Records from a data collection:
· · · · · · ·
definition Gamma_rho :: "(real \<Rightarrow> real) \<Rightarrow> real \<Rightarrow> real \<Rightarrow> real" where
  "Gamma_rho \<Phi> \<rho> a = Sup {measure_pmf.expectation (joint_SZ a K) (\<lambda>(s, z). \<Phi> (a + \<rho> * z)) | K. Gamma_feasible \<rho> a K}"

end

theory Submission
  imports Defs
begin

text \<open>
  Given a Boolean function f with mean a, let X be uniform on the cube and put
  S = f(X) - a and Z = (T_rho f(X) - a) / rho. The conditional law of Z given S is a
  feasible kernel: a + rho Z = T_rho f(X) lies in [0,1], E Z = 0, and in the Walsh basis,
  with Fourier coefficients c_U of f,
  E (T_rho f - a)^2 = sum over U nonempty of rho^(2|U|) c_U^2
    <= rho * sum over U nonempty of rho^|U| c_U^2 = rho * E (f - a)(T_rho f - a),
  which is E Z^2 <= E S Z. The objective value of this kernel is exactly the stability of f.
\<close>

subsection \<open>Walsh characters\<close>

definition sign_bool :: "bool \<Rightarrow> real" where
  "sign_bool b = (if b then 1 else -1)"

definition walsh :: "nat set \<Rightarrow> bool list \<Rightarrow> real" where
  "walsh S x = (\<Prod>i\<in>S. sign_bool (x ! i))"

lemma finite_cube: "finite (cube n)"
  using finite_lists_length_eq[of "UNIV :: bool set" n] by (simp add: cube_def)

lemma card_cube: "card (cube n) = 2 ^ n"
  using card_lists_length_eq[of "UNIV :: bool set" n] by (simp add: cube_def)

lemma cube_nonempty: "cube n \<noteq> {}"
  using card_cube[of n] by auto

lemma walsh_mult_self: "walsh S x * walsh S x = 1"
  unfolding walsh_def prod.distrib[symmetric] by (rule prod.neutral) (simp add: sign_bool_def)

lemma walsh_mult:
  assumes "finite S" "finite T"
  shows "walsh S x * walsh T x = walsh ((S - T) \<union> (T - S)) x"
proof -
  have S: "walsh S x = walsh (S - T) x * walsh (S \<inter> T) x"
    unfolding walsh_def using assms prod.subset_diff[of "S \<inter> T" S] by (simp add: Diff_Int)
  have T: "walsh T x = walsh (T - S) x * walsh (S \<inter> T) x"
    unfolding walsh_def using assms prod.subset_diff[of "S \<inter> T" T] by (simp add: Diff_Int Int_commute)
  have "walsh ((S - T) \<union> (T - S)) x = walsh (S - T) x * walsh (T - S) x"
    unfolding walsh_def using assms by (subst prod.union_disjoint) auto
  then show ?thesis
    unfolding S T using walsh_mult_self[of "S \<inter> T" x] by (simp add: algebra_simps)
qed

lemma sum_walsh:
  assumes "U \<subseteq> {..<n}"
  shows "(\<Sum>x\<in>cube n. walsh U x) = (if U = {} then 2 ^ n else 0)"
proof (cases "U = {}")
  case True
  then show ?thesis by (simp add: walsh_def card_cube)
next
  case False
  then obtain j where j: "j \<in> U" by blast
  with assms have "j < n" by auto
  have fin: "finite U" using assms finite_subset by blast
  define flip where "flip x = x[j := \<not> x ! j]" for x :: "bool list"
  have flip_cube: "flip x \<in> cube n" "flip (flip x) = x" if "x \<in> cube n" for x
    using that \<open>j < n\<close> by (simp_all add: flip_def cube_def)
  have walsh_flip: "walsh U (flip x) = - walsh U x" if "x \<in> cube n" for x
  proof -
    have "(\<Prod>i\<in>U - {j}. sign_bool (flip x ! i)) = (\<Prod>i\<in>U - {j}. sign_bool (x ! i))"
      by (rule prod.cong) (auto simp: flip_def)
    moreover have "sign_bool (flip x ! j) = - sign_bool (x ! j)"
      using that \<open>j < n\<close> by (simp add: flip_def cube_def sign_bool_def)
    ultimately show ?thesis unfolding walsh_def using fin j by (simp add: prod.remove)
  qed
  have "(\<Sum>x\<in>cube n. walsh U x) = (\<Sum>x\<in>cube n. walsh U (flip x))"
    by (rule sum.reindex_bij_witness[where i = flip and j = flip]) (auto simp: flip_cube)
  also have "\<dots> = - (\<Sum>x\<in>cube n. walsh U x)"
    by (simp add: walsh_flip sum_negf)
  finally show ?thesis using False by simp
qed

lemma sum_walsh_mult:
  assumes "S \<subseteq> {..<n}" "T \<subseteq> {..<n}"
  shows "(\<Sum>x\<in>cube n. walsh S x * walsh T x) = (if S = T then 2 ^ n else 0)"
proof -
  have "finite S" "finite T" using assms finite_subset by blast+
  then have "(\<Sum>x\<in>cube n. walsh S x * walsh T x) = (\<Sum>x\<in>cube n. walsh ((S - T) \<union> (T - S)) x)"
    by (simp add: walsh_mult)
  also have "\<dots> = (if (S - T) \<union> (T - S) = {} then 2 ^ n else 0)"
    by (rule sum_walsh) (use assms in auto)
  also have "((S - T) \<union> (T - S) = {}) = (S = T)" by blast
  finally show ?thesis .
qed

lemma sum_walsh_expansion:
  "(\<Sum>x\<in>cube n. \<Sum>S\<in>Pow {..<n}. c S * walsh S x) = 2 ^ n * c {}"
proof -
  have "(\<Sum>x\<in>cube n. \<Sum>S\<in>Pow {..<n}. c S * walsh S x)
      = (\<Sum>S\<in>Pow {..<n}. c S * (if S = {} then 2 ^ n else 0))"
    by (subst sum.swap) (simp add: sum_distrib_left[symmetric] sum_walsh)
  also have "\<dots> = 2 ^ n * c {}" by (simp add: if_distrib cong: if_cong)
  finally show ?thesis .
qed

lemma sum_walsh_expansion_squared:
  "(\<Sum>x\<in>cube n. (\<Sum>S\<in>Pow {..<n}. c S * walsh S x)\<^sup>2) = 2 ^ n * (\<Sum>S\<in>Pow {..<n}. (c S)\<^sup>2)"
proof -
  have "(\<Sum>x\<in>cube n. (\<Sum>S\<in>Pow {..<n}. c S * walsh S x)\<^sup>2)
      = (\<Sum>S\<in>Pow {..<n}. \<Sum>T\<in>Pow {..<n}. c S * c T * (\<Sum>x\<in>cube n. walsh S x * walsh T x))"
    by (simp add: power2_eq_square sum_product sum_distrib_left algebra_simps sum.swap[of _ "cube n"])
  also have "\<dots> = (\<Sum>S\<in>Pow {..<n}. \<Sum>T\<in>Pow {..<n}. if S = T then c S * c S * 2 ^ n else 0)"
    by (intro sum.cong refl) (simp add: sum_walsh_mult)
  also have "\<dots> = 2 ^ n * (\<Sum>S\<in>Pow {..<n}. (c S)\<^sup>2)"
    by (simp add: sum_distrib_left power2_eq_square mult.commute)
  finally show ?thesis .
qed

subsection \<open>Fourier expansion of the noise operator\<close>

definition fourier_coeff :: "nat \<Rightarrow> (bool list \<Rightarrow> real) \<Rightarrow> nat set \<Rightarrow> real" where
  "fourier_coeff n f S = (\<Sum>y\<in>cube n. walsh S y * f y) / 2 ^ n"

lemma fourier_coeff_empty: "fourier_coeff n f {} = cube_mean n f"
  by (simp add: fourier_coeff_def cube_mean_def walsh_def)

lemma noise_kernel_walsh_expansion:
  assumes "x \<in> cube n"
  shows "noise_kernel \<rho> x y = (\<Sum>S\<in>Pow {..<n}. \<rho> ^ card S * walsh S x * walsh S y) / 2 ^ n"
proof -
  have "length x = n" using assms by (simp add: cube_def)
  then have "noise_kernel \<rho> x y = (\<Prod>i<n. (\<rho> * (sign_bool (x ! i) * sign_bool (y ! i)) + 1) / 2)"
    unfolding noise_kernel_def by (intro prod.cong) (auto simp: sign_bool_def)
  also have "\<dots> = (\<Prod>i<n. \<rho> * (sign_bool (x ! i) * sign_bool (y ! i)) + 1) / 2 ^ n"
    by (simp add: prod_dividef)
  also have "(\<Prod>i<n. \<rho> * (sign_bool (x ! i) * sign_bool (y ! i)) + 1)
      = (\<Sum>S\<in>Pow {..<n}. (\<Prod>i\<in>S. \<rho> * (sign_bool (x ! i) * sign_bool (y ! i))) * (\<Prod>i\<in>{..<n} - S. 1))"
    by (rule prod_add) simp
  also have "\<dots> = (\<Sum>S\<in>Pow {..<n}. \<rho> ^ card S * walsh S x * walsh S y)"
    by (intro sum.cong) (auto simp: walsh_def prod.distrib mult.assoc)
  finally show ?thesis .
qed

lemma T_noise_walsh_expansion:
  assumes "x \<in> cube n"
  shows "T_noise n \<rho> f x = (\<Sum>S\<in>Pow {..<n}. \<rho> ^ card S * fourier_coeff n f S * walsh S x)"
proof -
  have "T_noise n \<rho> f x
      = (\<Sum>y\<in>cube n. \<Sum>S\<in>Pow {..<n}. \<rho> ^ card S * walsh S x * (walsh S y * f y) / 2 ^ n)"
    unfolding T_noise_def noise_kernel_walsh_expansion[OF assms]
    by (simp add: sum_divide_distrib sum_distrib_right mult.assoc)
  also have "\<dots> = (\<Sum>S\<in>Pow {..<n}. \<rho> ^ card S * fourier_coeff n f S * walsh S x)"
    unfolding fourier_coeff_def
    by (subst sum.swap) (simp add: sum_divide_distrib sum_distrib_left mult_ac)
  finally show ?thesis .
qed

lemma sum_T_noise: "(\<Sum>x\<in>cube n. T_noise n \<rho> f x) = 2 ^ n * fourier_coeff n f {}"
  using sum_walsh_expansion[where c = "\<lambda>S. \<rho> ^ card S * fourier_coeff n f S"]
  by (simp add: T_noise_walsh_expansion)

lemma sum_T_noise_squared:
  "(\<Sum>x\<in>cube n. (T_noise n \<rho> f x)\<^sup>2)
     = 2 ^ n * (\<Sum>S\<in>Pow {..<n}. \<rho> ^ (2 * card S) * (fourier_coeff n f S)\<^sup>2)"
  using sum_walsh_expansion_squared[where c = "\<lambda>S. \<rho> ^ card S * fourier_coeff n f S"]
  by (simp add: T_noise_walsh_expansion power_mult_distrib power_mult[symmetric] mult.commute)

lemma sum_mult_T_noise:
  "(\<Sum>x\<in>cube n. f x * T_noise n \<rho> f x)
     = 2 ^ n * (\<Sum>S\<in>Pow {..<n}. \<rho> ^ card S * (fourier_coeff n f S)\<^sup>2)"
proof -
  have "(\<Sum>x\<in>cube n. f x * T_noise n \<rho> f x)
      = (\<Sum>S\<in>Pow {..<n}. \<rho> ^ card S * fourier_coeff n f S * (\<Sum>x\<in>cube n. walsh S x * f x))"
    by (simp add: T_noise_walsh_expansion sum_distrib_left mult_ac sum.swap[of _ "cube n"])
  also have "\<dots> = (\<Sum>S\<in>Pow {..<n}. \<rho> ^ card S * fourier_coeff n f S * (2 ^ n * fourier_coeff n f S))"
    by (simp add: fourier_coeff_def)
  also have "\<dots> = 2 ^ n * (\<Sum>S\<in>Pow {..<n}. \<rho> ^ card S * (fourier_coeff n f S)\<^sup>2)"
    by (simp add: sum_distrib_left power2_eq_square mult_ac)
  finally show ?thesis .
qed

lemma T_noise_energy_le:
  assumes "0 \<le> \<rho>" "\<rho> \<le> 1"
  shows "(\<Sum>x\<in>cube n. (T_noise n \<rho> f x)\<^sup>2) - 2 ^ n * (fourier_coeff n f {})\<^sup>2
     \<le> \<rho> * ((\<Sum>x\<in>cube n. f x * T_noise n \<rho> f x) - 2 ^ n * (fourier_coeff n f {})\<^sup>2)"
proof -
  let ?c = "fourier_coeff n f"
  let ?P = "Pow {..<n} - {{}}"
  have split: "(\<Sum>S\<in>Pow {..<n}. g S) = g {} + (\<Sum>S\<in>?P. g S)" for g :: "nat set \<Rightarrow> real"
    by (subst sum.remove[of _ "{}"]) auto
  have "(\<Sum>S\<in>?P. \<rho> ^ (2 * card S) * (?c S)\<^sup>2) \<le> (\<Sum>S\<in>?P. \<rho> * (\<rho> ^ card S * (?c S)\<^sup>2))"
  proof (rule sum_mono)
    fix S assume "S \<in> ?P"
    then have "1 \<le> card S" using finite_subset[of S "{..<n}"] by (auto simp: Suc_le_eq card_gt_0_iff)
    then have "\<rho> ^ (2 * card S) \<le> \<rho> ^ Suc (card S)"
      using assms by (intro power_decreasing) auto
    then show "\<rho> ^ (2 * card S) * (?c S)\<^sup>2 \<le> \<rho> * (\<rho> ^ card S * (?c S)\<^sup>2)"
      by (simp add: mult_right_mono mult.assoc[symmetric])
  qed
  then have "2 ^ n * (\<Sum>S\<in>?P. \<rho> ^ (2 * card S) * (?c S)\<^sup>2)
      \<le> 2 ^ n * (\<rho> * (\<Sum>S\<in>?P. \<rho> ^ card S * (?c S)\<^sup>2))"
    by (intro mult_left_mono) (simp_all add: sum_distrib_left)
  then show ?thesis
    unfolding sum_T_noise_squared sum_mult_T_noise split[of "\<lambda>S. \<rho> ^ (2 * card S) * (?c S)\<^sup>2"]
      split[of "\<lambda>S. \<rho> ^ card S * (?c S)\<^sup>2"]
    by (simp add: algebra_simps)
qed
· · · · · · ·
TASK INSTRUCTIONS: The lines above from the one with "U x) = (\<Sum>x\<in>cube" through the one with "(bool list \<Rightarrow>" are to be duplicated exactly, ends included, with nothing added.

FINISHED EXERCISE:
  have "(\<Sum>x\<in>cube n. walsh U x) = (\<Sum>x\<in>cube n. walsh U (flip x))"
    by (rule sum.reindex_bij_witness[where i = flip and j = flip]) (auto simp: flip_cube)
  also have "\<dots> = - (\<Sum>x\<in>cube n. walsh U x)"
    by (simp add: walsh_flip sum_negf)
  finally show ?thesis using False by simp
qed

lemma sum_walsh_mult:
  assumes "S \<subseteq> {..<n}" "T \<subseteq> {..<n}"
  shows "(\<Sum>x\<in>cube n. walsh S x * walsh T x) = (if S = T then 2 ^ n else 0)"
proof -
  have "finite S" "finite T" using assms finite_subset by blast+
  then have "(\<Sum>x\<in>cube n. walsh S x * walsh T x) = (\<Sum>x\<in>cube n. walsh ((S - T) \<union> (T - S)) x)"
    by (simp add: walsh_mult)
  also have "\<dots> = (if (S - T) \<union> (T - S) = {} then 2 ^ n else 0)"
    by (rule sum_walsh) (use assms in auto)
  also have "((S - T) \<union> (T - S) = {}) = (S = T)" by blast
  finally show ?thesis .
qed

lemma sum_walsh_expansion:
  "(\<Sum>x\<in>cube n. \<Sum>S\<in>Pow {..<n}. c S * walsh S x) = 2 ^ n * c {}"
proof -
  have "(\<Sum>x\<in>cube n. \<Sum>S\<in>Pow {..<n}. c S * walsh S x)
      = (\<Sum>S\<in>Pow {..<n}. c S * (if S = {} then 2 ^ n else 0))"
    by (subst sum.swap) (simp add: sum_distrib_left[symmetric] sum_walsh)
  also have "\<dots> = 2 ^ n * c {}" by (simp add: if_distrib cong: if_cong)
  finally show ?thesis .
qed

lemma sum_walsh_expansion_squared:
  "(\<Sum>x\<in>cube n. (\<Sum>S\<in>Pow {..<n}. c S * walsh S x)\<^sup>2) = 2 ^ n * (\<Sum>S\<in>Pow {..<n}. (c S)\<^sup>2)"
proof -
  have "(\<Sum>x\<in>cube n. (\<Sum>S\<in>Pow {..<n}. c S * walsh S x)\<^sup>2)
      = (\<Sum>S\<in>Pow {..<n}. \<Sum>T\<in>Pow {..<n}. c S * c T * (\<Sum>x\<in>cube n. walsh S x * walsh T x))"
    by (simp add: power2_eq_square sum_product sum_distrib_left algebra_simps sum.swap[of _ "cube n"])
  also have "\<dots> = (\<Sum>S\<in>Pow {..<n}. \<Sum>T\<in>Pow {..<n}. if S = T then c S * c S * 2 ^ n else 0)"
    by (intro sum.cong refl) (simp add: sum_walsh_mult)
  also have "\<dots> = 2 ^ n * (\<Sum>S\<in>Pow {..<n}. (c S)\<^sup>2)"
    by (simp add: sum_distrib_left power2_eq_square mult.commute)
  finally show ?thesis .
qed

subsection \<open>Fourier expansion of the noise operator\<close>

definition fourier_coeff :: "nat \<Rightarrow> (bool list \<Rightarrow> real) \<Rightarrow> nat set \<Rightarrow> real" where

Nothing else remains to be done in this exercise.